Trump told O’Rourke to “be quiet,” saying the Democrat is “embarrassed by my last visit to the Great State of Texas, where I trounced him, and is now even more embarrassed by polling at 1% in the Democrat Primary…”

“As a leader, sometimes you’ve gotta have a stiff upper lip,” Kasich said. “You can’t be a sensitive, thin-skinned operator, because you are in a position where you’re sort of the father or the mother of the country… You’ve gotta be bigger than other people and not take the bait.”

Kasich was speaking from Dayton’s Oregon District, the popular entertainment area where a gunman on Sunday killed nine and injured 27 before he himself was killed by police.

Before talking to reporters, Kasich bent down to write "God Bless You" in chalk on the sidewalk. 
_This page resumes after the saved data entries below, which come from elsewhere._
(* For each prime number $p>2$, there exists a self-similar $p$-adic fractal string $\mathcal{CS}_p\subseteq\mathbb{Z}_p$ of Minkowski--Bouligand dimension $D=\frac{\log(\frac{1+p}{2})}{\log p}$ and with oscillatory period $\mathbf{p}=\frac{2\pi}{\log p}$; that is, its geometric zeta function extends meromorphically to $\mathbb{C}$, its set of poles (complex dimensions) is exactly $\{D+\frac{2\pi i n}{\log p}: n\in\mathbb{Z}\}$, and $D$ is the abscissa of convergence of the series defining the geometric zeta function.
   Context: Let $p$ be a prime and $\mathbb{Z}_p$ the ring of $p$-adic integers with $|p|_p=p^{-1}$. A $p$-adic fractal string $\mathcal{L}$ in $\mathbb{Z}_p$ is a countable disjoint union of balls $a+p^n\mathbb{Z}_p$ ($a\in\mathbb{Z}_p$, $n\ge1$) contained in $\mathbb{Z}_p$; such a ball has length $p^{-n}$, and $\mathcal{L}$ is encoded by its sequence of lengths $l_j$ counted with multiplicity. Its geometric zeta function is $\zeta_{\mathcal{L}}(s)=\sum_j l_j^s$ for $\Re(s)$ large, meromorphically continued to $\mathbb{C}$ when possible; the complex dimensions are the poles of this continuation; the Minkowski--Bouligand dimension $D$ is the abscissa of convergence of $\sum_j l_j^s$; the oscillatory period is $\mathbf{p}>0$ if the set of complex dimensions is exactly $\{D+in\mathbf{p}:n\in\mathbb{Z}\}$. $\mathcal{L}$ is self-similar if it is the complement in $\mathbb{Z}_p$ of the unique nonempty compact set $K\subseteq\mathbb{Z}_p$ satisfying $K=\bigcup_i\phi_i(K)$ for a finite family of at least two similarity contractions $\phi_i(x)=c_i+p^{m}x$ of $\mathbb{Z}_p$ into itself ($c_i\in\mathbb{Z}$, $m\ge1$). *)

theory Defs
  imports "HOL-Complex_Analysis.Complex_Analysis"
begin

(* p-adic integers as the inverse limit of Z/p^n Z: a p-adic integer x is the
   compatible sequence of its residues x n in {0..p^n-1}.  As a subset of
   nat => int it carries the product (of discrete spaces) topology, which is
   exactly the p-adic topology. *)
definition Zp :: "nat \<Rightarrow> (nat \<Rightarrow> int) set" where
  "Zp p = {x. \<forall>n. 0 \<le> x n \<and> x n < int p ^ n \<and> x (Suc n) mod (int p ^ n) = x n}"

definition zp_of_int :: "nat \<Rightarrow> int \<Rightarrow> (nat \<Rightarrow> int)" where
  "zp_of_int p c = (\<lambda>n. c mod (int p ^ n))"

definition zp_add :: "nat \<Rightarrow> (nat \<Rightarrow> int) \<Rightarrow> (nat \<Rightarrow> int) \<Rightarrow> (nat \<Rightarrow> int)" where
  "zp_add p x y = (\<lambda>n. (x n + y n) mod (int p ^ n))"

definition zp_mult :: "nat \<Rightarrow> (nat \<Rightarrow> int) \<Rightarrow> (nat \<Rightarrow> int) \<Rightarrow> (nat \<Rightarrow> int)" where
  "zp_mult p x y = (\<lambda>n. (x n * y n) mod (int p ^ n))"

(* the ball a + p^n Z_p (for a in Z_p): those x with x = a mod p^n *)
definition zp_ball :: "nat \<Rightarrow> (nat \<Rightarrow> int) \<Rightarrow> nat \<Rightarrow> (nat \<Rightarrow> int) set" where
  "zp_ball p a n = {x \<in> Zp p. x n = a n}"

definition zp_sim :: "nat \<Rightarrow> int \<Rightarrow> nat \<Rightarrow> (nat \<Rightarrow> int) \<Rightarrow> (nat \<Rightarrow> int)" where
  "zp_sim p c m x = zp_add p (zp_of_int p c) (zp_mult p (zp_of_int p (int p ^ m)) x)"

definition zp_invariant_set :: "nat \<Rightarrow> nat \<Rightarrow> int set \<Rightarrow> (nat \<Rightarrow> int) set \<Rightarrow> bool" where
  "zp_invariant_set p m C K \<longleftrightarrow>
     K \<subseteq> Zp p \<and> K \<noteq> {} \<and> compact K \<and> K = (\<Union>c\<in>C. zp_sim p c m ` K)"

definition self_similar_padic_string :: "nat \<Rightarrow> (nat \<Rightarrow> int) set \<Rightarrow> bool" where
  "self_similar_padic_string p L \<longleftrightarrow>
     (\<exists>m C K. m \<ge> 1 \<and> card C \<ge> 2 \<and> zp_invariant_set p m C K \<and>
        (\<forall>K'. zp_invariant_set p m C K' \<longrightarrow> K' = K) \<and> L = Zp p - K)"

(* number of balls of length p^(-n) (n \<ge> 1) in the canonical decomposition of the
   (open) string L into maximal balls: balls a + p^n Z_p contained in L whose
   parent ball a + p^(n-1) Z_p is not contained in L *)
definition string_count :: "nat \<Rightarrow> (nat \<Rightarrow> int) set \<Rightarrow> nat \<Rightarrow> nat" where
  "string_count p L n = card {B. \<exists>a\<in>Zp p. B = zp_ball p a n \<and> B \<subseteq> L \<and>
                                   \<not> zp_ball p a (n - 1) \<subseteq> L}"

(* the terms of the geometric zeta function  sum_j l_j^s, grouped by length p^(-n) *)
definition geom_zeta_term :: "nat \<Rightarrow> (nat \<Rightarrow> int) set \<Rightarrow> complex \<Rightarrow> nat \<Rightarrow> complex" where
  "geom_zeta_term p L s n =
     (if n = 0 then 0
      else of_nat (string_count p L n) * (complex_of_real (1 / real p ^ n)) powr s)"

end

(*
  Let k = (p + 1) / 2 and let K be the set of p-adic integers all of whose digits are smaller
  than k.  K is compact and is the attractor of the k similarities x |-> c + p x (0 <= c < k),
  so its complement is a self-similar p-adic fractal string.  A maximal ball of length
  p^-(n+1) in the complement is fixed by n admissible digits followed by one of the p - k
  forbidden ones, so there are k^n (p - k) of them.  Hence the geometric zeta function is
  sum_n k^n (p - k) p^-(n+1)s = (p - k) / (p^s - k): the series converges absolutely exactly
  for Re s > log k / log p = D, and the poles of the continuation are the solutions of p^s = k,
  namely D + 2 pi i n / log p.
*)
theory Submission
  imports Defs
begin

section \<open>Digit expansions\<close>

lemma zdiv_less_iff_less_mult:
  fixes m n q :: int
  assumes "q > 0"
  shows "m div q < n \<longleftrightarrow> m < n * q"
proof
  assume "m div q < n"
  then have "q * (m div q) + q \<le> n * q"
    using assms mult_left_mono[of "m div q + 1" n q] by (simp add: algebra_simps)
  then show "m < n * q"
    using pos_mod_bound[OF assms, of m] mult_div_mod_eq[of q m] by linarith
next
  assume "m < n * q"
  then have "m div q \<le> (q - 1 + q * (n - 1)) div q"
    using assms by (intro zdiv_mono1) (auto simp: algebra_simps)
  also have "\<dots> = n - 1"
    using assms by simp
  finally show "m div q < n" by simp
qed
“It becomes something other than a television story when you see the flowers and the pictures of the nine lost and the writings on the sidewalk,” Kasich said. “It could be you and your spouse going out on a Saturday night... It just seems impossible that that kind of violence could happen here, but it did. And now, you know, we can’t let it take us down.“

Kasich also cautioned against giving Trump’s visit too much weight.

“The healing in a community needs to come from the community itself,” Kasich said.

Trump is expected to arrive in Dayton sometime Wednesday morning, though details about the visit are scant. The Federal Aviation Administration has issued a notification of "VIP movement" from 10:15 a.m. to 2:30 p.m.

The president is expected to visit with victims’ families, survivors and law enforcement personnel.